__Available records__:
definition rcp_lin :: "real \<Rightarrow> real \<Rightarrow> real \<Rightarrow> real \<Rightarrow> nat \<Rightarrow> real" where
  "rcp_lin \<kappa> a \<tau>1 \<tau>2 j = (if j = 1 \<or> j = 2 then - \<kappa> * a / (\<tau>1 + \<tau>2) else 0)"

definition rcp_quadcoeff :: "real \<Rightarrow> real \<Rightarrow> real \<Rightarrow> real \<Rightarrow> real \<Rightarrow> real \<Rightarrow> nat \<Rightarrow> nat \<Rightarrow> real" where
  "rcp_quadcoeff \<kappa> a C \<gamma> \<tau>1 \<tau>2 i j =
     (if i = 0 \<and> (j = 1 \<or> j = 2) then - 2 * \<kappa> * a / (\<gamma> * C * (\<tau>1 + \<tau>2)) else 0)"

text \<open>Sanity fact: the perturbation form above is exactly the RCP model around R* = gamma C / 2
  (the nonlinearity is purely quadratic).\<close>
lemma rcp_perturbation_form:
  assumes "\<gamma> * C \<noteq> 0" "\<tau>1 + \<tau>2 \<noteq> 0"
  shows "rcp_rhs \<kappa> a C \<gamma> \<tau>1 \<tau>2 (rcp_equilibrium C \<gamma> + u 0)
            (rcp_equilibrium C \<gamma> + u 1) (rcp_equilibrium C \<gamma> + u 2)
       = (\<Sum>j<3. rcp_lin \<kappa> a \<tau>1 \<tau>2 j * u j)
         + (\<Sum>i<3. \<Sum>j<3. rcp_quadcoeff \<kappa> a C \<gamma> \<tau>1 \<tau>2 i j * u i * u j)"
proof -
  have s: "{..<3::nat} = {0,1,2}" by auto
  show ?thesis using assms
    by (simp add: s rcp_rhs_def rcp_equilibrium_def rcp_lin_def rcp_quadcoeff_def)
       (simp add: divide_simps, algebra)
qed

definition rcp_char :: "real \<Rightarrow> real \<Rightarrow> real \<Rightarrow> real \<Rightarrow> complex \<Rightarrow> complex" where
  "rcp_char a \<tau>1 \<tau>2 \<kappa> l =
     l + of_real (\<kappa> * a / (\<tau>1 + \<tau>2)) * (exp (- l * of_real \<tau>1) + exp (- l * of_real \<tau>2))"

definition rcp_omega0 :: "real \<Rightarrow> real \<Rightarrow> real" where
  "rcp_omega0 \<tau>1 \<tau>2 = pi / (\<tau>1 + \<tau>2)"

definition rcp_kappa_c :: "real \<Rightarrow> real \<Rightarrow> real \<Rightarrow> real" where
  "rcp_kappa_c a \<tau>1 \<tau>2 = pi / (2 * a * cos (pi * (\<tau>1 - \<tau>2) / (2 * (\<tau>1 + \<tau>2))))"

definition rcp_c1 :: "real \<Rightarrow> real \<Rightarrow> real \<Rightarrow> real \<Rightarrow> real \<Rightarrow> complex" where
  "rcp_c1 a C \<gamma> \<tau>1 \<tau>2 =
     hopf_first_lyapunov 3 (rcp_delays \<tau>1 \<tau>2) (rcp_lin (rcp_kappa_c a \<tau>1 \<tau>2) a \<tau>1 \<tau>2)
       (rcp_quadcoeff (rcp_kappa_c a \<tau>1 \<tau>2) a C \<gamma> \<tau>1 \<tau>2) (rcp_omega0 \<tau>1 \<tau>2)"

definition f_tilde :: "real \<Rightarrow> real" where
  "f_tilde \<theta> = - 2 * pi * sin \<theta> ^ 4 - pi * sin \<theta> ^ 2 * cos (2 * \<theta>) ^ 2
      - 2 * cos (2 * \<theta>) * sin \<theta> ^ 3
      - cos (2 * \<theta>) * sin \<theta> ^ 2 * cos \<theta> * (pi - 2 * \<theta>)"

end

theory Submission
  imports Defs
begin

__Prompt__: Your answer should consist only of the lines from the one with "real \<Rightarrow> complex \<Rightarrow>" through the end of the data above, reproduced exactly.

__Answer space__:
definition rcp_char :: "real \<Rightarrow> real \<Rightarrow> real \<Rightarrow> real \<Rightarrow> complex \<Rightarrow> complex" where
  "rcp_char a \<tau>1 \<tau>2 \<kappa> l =
     l + of_real (\<kappa> * a / (\<tau>1 + \<tau>2)) * (exp (- l * of_real \<tau>1) + exp (- l * of_real \<tau>2))"

definition rcp_omega0 :: "real \<Rightarrow> real \<Rightarrow> real" where
  "rcp_omega0 \<tau>1 \<tau>2 = pi / (\<tau>1 + \<tau>2)"

definition rcp_kappa_c :: "real \<Rightarrow> real \<Rightarrow> real \<Rightarrow> real" where
  "rcp_kappa_c a \<tau>1 \<tau>2 = pi / (2 * a * cos (pi * (\<tau>1 - \<tau>2) / (2 * (\<tau>1 + \<tau>2))))"

definition rcp_c1 :: "real \<Rightarrow> real \<Rightarrow> real \<Rightarrow> real \<Rightarrow> real \<Rightarrow> complex" where
  "rcp_c1 a C \<gamma> \<tau>1 \<tau>2 =
     hopf_first_lyapunov 3 (rcp_delays \<tau>1 \<tau>2) (rcp_lin (rcp_kappa_c a \<tau>1 \<tau>2) a \<tau>1 \<tau>2)
       (rcp_quadcoeff (rcp_kappa_c a \<tau>1 \<tau>2) a C \<gamma> \<tau>1 \<tau>2) (rcp_omega0 \<tau>1 \<tau>2)"

definition f_tilde :: "real \<Rightarrow> real" where
  "f_tilde \<theta> = - 2 * pi * sin \<theta> ^ 4 - pi * sin \<theta> ^ 2 * cos (2 * \<theta>) ^ 2
      - 2 * cos (2 * \<theta>) * sin \<theta> ^ 3
      - cos (2 * \<theta>) * sin \<theta> ^ 2 * cos \<theta> * (pi - 2 * \<theta>)"

end

theory Submission
  imports Defs
begin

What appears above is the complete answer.